For being a musician, according to this explorer of scores, means going beyond his brilliant pianistic technique to create a universe of sensations, impressions and colours. He, who knows so well how to transmit this requirement as a concert performer, soon became a sought-after teacher at the Conservatoire National de Région de Lyon, and at the Conservatoire National Supérieur de Musique et de Danse de Paris where he taught for ten years.

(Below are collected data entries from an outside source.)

lemma renyi_term_add_le:
  assumes a: "a > 1" and nonneg: "x1 \<ge> 0" "x2 \<ge> 0" "y1 \<ge> 0" "y2 \<ge> 0"
    and abs_cont: "y1 = 0 \<Longrightarrow> x1 = 0" "y2 = 0 \<Longrightarrow> x2 = 0"
  shows "renyi_term a (x1 + x2) (y1 + y2) \<le> renyi_term a x1 y1 + renyi_term a x2 y2"
proof -
  consider "y1 = 0 \<or> y2 = 0" | "x1 = 0" "y1 > 0" "y2 > 0" | "x2 = 0" "y1 > 0" "y2 > 0"
    | "x1 > 0" "x2 > 0" "y1 > 0" "y2 > 0"
    using nonneg by fastforce
  then show ?thesis
  proof cases
    case 1
    then show ?thesis
      using abs_cont by (auto simp: renyi_term_def)
  next
    case 2
    then show ?thesis
      using renyi_term_antimono_right[of a x2 y2 "y1 + y2"] a nonneg by (simp add: renyi_term_def)
  next
    case 3
    then show ?thesis
      using renyi_term_antimono_right[of a x1 y1 "y1 + y2"] a nonneg by (simp add: renyi_term_def)
  next
    case 4
    define Y where "Y = y1 + y2"
    have Y: "Y > 0"
      using 4 by (simp add: Y_def)
    have weights: "1 - y2 / Y = y1 / Y"
      using Y by (simp add: Y_def field_simps)
    have mean: "(x1 + x2) / Y = (1 - y2 / Y) * (x1 / y1) + (y2 / Y) * (x2 / y2)"
      using 4 by (simp add: weights add_divide_distrib)
    have "((x1 + x2) / Y) powr a \<le> (1 - y2 / Y) * (x1 / y1) powr a + (y2 / Y) * (x2 / y2) powr a"
      unfolding mean using 4 a Y
      by (intro convex_onD[OF powr_convex, simplified]) (auto simp: Y_def)
    then have "Y * ((x1 + x2) / Y) powr a
        \<le> Y * ((1 - y2 / Y) * (x1 / y1) powr a + (y2 / Y) * (x2 / y2) powr a)"
      using Y by (intro mult_left_mono) auto
    also have "\<dots> = y1 * (x1 / y1) powr a + y2 * (x2 / y2) powr a"
      using Y by (simp add: weights field_simps)
    finally show ?thesis
      using 4 Y by (simp add: renyi_term_perspective Y_def)
  qed
qed
(* Let $\Gamma$ be a gain operator on $\ell^\infty_+(\mathcal I)$ satisfying the $\oplus$-MBI property, and for $b\in\ell^\infty_+(\mathcal I)$ let $\Gamma^\oplus_b(s):=b\oplus\Gamma(s)$. Then for each $b\in\ell^\infty_+(\mathcal I)$ there exist fixed points $s_*(b)$ and $s^*(b)$ of $\Gamma^\oplus_b$ such that: (a) every $s\in\mathrm{Fix}(\Gamma^\oplus_b)$ satisfies $s_*(b)\le s\le s^*(b)$; (b) if $b^1\le b^2$ then $s_*(b^1)\le s_*(b^2)$ and $s^*(b^1)\le s^*(b^2)$; (c) for every $s\le s_*(b)$, $(\Gamma^\oplus_b)^n(s)\to s_*(b)$ weak$^*$; (d) for every $s\ge s^*(b)$, $(\Gamma^\oplus_b)^n(s)\to s^*(b)$ weak$^*$.
   Context: Let $\mathcal I$ be a nonempty countable index set; $\ell^\infty_+(\mathcal I)$ is the cone of nonnegative real families $s=(s_i)_{i\in\mathcal I}$ with $\|s\|:=\sup_i|s_i|<\infty$, ordered componentwise; $\oplus$ is the componentwise maximum. A sequence in $\ell^\infty(\mathcal I)$ converges weak$^*$ (viewing $\ell^\infty=(\ell^1)^*$) iff it is norm-bounded and converges componentwise. $\mathcal K_\infty$: continuous strictly increasing unbounded $\gamma:\mathbb R_+\to\mathbb R_+$ with $\gamma(0)=0$. For $\mathcal J\subset\mathcal I$, $s_{|\mathcal J}$ agrees with $s$ on $\mathcal J$ and is $0$ elsewhere. Gain operator: for each $i$ a finite (possibly empty) $\mathcal I_i\subset\mathcal I\setminus\{i\}$; directed graph $\mathcal G$ with vertices $\mathcal I$ and edges $ji$, $j\in\mathcal I_i$; a pointwise equicontinuous family $\gamma_{ij}\in\mathcal K_\infty$ ($ji\in E(\mathcal G)$); functions $\mu_i:\ell^\infty_+(\mathcal I)\to[0,\infty]$ with (M1) some $\xi\in\mathcal K_\infty$ has $\mu_i(0)=0$, $\mu_i(s)\ge\xi(\|s\|)$; (M2) $\mu_i$ monotone; (M3) for each finite $\mathcal J$, $\mu_i$ restricted to vectors vanishing off $\mathcal J$ is finite-valued and continuous; (M4) for each norm-bounded $A$ and $\varepsilon>0$ there is $\delta>0$ with $\sup_i|\mu_i(s_{|\mathcal I_i})-\mu_i(s^0_{|\mathcal I_i})|\le\varepsilon$ whenever $s^0\in A$, $\|s-s^0\|\le\delta$. $\Gamma_i(s):=\mu_i([\gamma_{ij}(s_j)]_{j\in\mathcal I_i})$ (argument zero outside $\mathcal I_i$). $\oplus$-MBI property: there is $\varphi\in\mathcal K_\infty$ such that for all $s,b\in\ell^\infty_+(\mathcal I)$, $s\le b\oplus\Gamma(s)$ implies $\|s\|\le\varphi(\|b\|)$. $\mathrm{Fix}(T)$ denotes the fixed point set of $T$. *)

theory Defs
  imports "HOL-Analysis.Analysis"
begin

But the teacher also underwent a rigorous apprenticeship: a gifted child, he studied with Germaine Mounier and Jean Hubeau in Paris, and at the age of sixteen he obtained the Conservatoire’s highest awards. At the age of nineteen, he won a Grand Prix at the Marguerite Long Competition, among numerous distinctions in important international competitions (Viotti-Valsesia, Vercelli, Epinal, Pretoria, Tokyo).

He then toured the world, playing in the largest cities, notably on the helicopter carrier Jeanne d’Arc, on which he performed his national service. From these travels, he brought back two essential riches: a magnificent repertoire, from Bach to Castereda, and stage experience acquired through contact with the most diverse audiences. Mozart, Chopin, Schumann, Debussy, Ravel… he has performed them all over the world, from the Salle Pleyel to the Théâtre des Champs-Élysées and the Teàtro Real in Madrid. Thus, this cosmopolitan artist was responsible for the national premieres of Ravel’s Concerto for the Left Hand and Mozart’s “Young Man” Concerto in Ecuador. Recently, concert tours have taken him to South America, China, Japan and Korea.

The artistic relationships he has forged reveal an open and generous personality: A regular guest of the Maison de la Radio, he frequently takes part in France Musique broadcasts; a soloist with the Orchestre National de France, the Orchestre National de Lyon, the Monte-Carlo Philharmonic Orchestra, the Orchestre des Pays de Savoie and the Orchestre Symphonique de Québec, he plays under the direction of John Eliot Gardiner, Yehudi Menuhin, David Reiland and Nicolas Chalvin ; a fervent chamber musician, he shares complicit moments with pianists Frank Braley, Philippe Cassard and Cédric Tiberghien, the Debussy Quartet, the Voce Quartet, violinists Stéphane Tran Ngoc and Naoko Ogihara, trumpet player David Guerrier, clarinetists Michel Portal, Florent Héau and Patrick Messina, flutist Jose Daniel Castellon, horn player Jacques Deleplancque, and reciter François Castang; An eternal researcher, he has never ceased to deepen his musical reflection in contact with personalities such as Marie-Françoise Bucquet and Jorge Chaminé or within the framework of the Kempff – Casa Orfeo Foundation in Positano; artistic director of the Rendez-Vous de Rochebonne, he proposes each year an original programme around great artists; a musician with a passion for dance, he collaborates with choreographers Jean-Christophe Maillot, John Neumeier and Roland Petit as a soloist with the Ballets de Monte-Carlo.

“Music is an experience that allows one to free oneself from gravity” – Hervé Billaut has made his own this maxim by Leon Fleisher, which he reports with pride and humour: “One of my former students also flies aeroplanes! »

On stage, Hervé Billaut plays as he is: he goes straight to the point.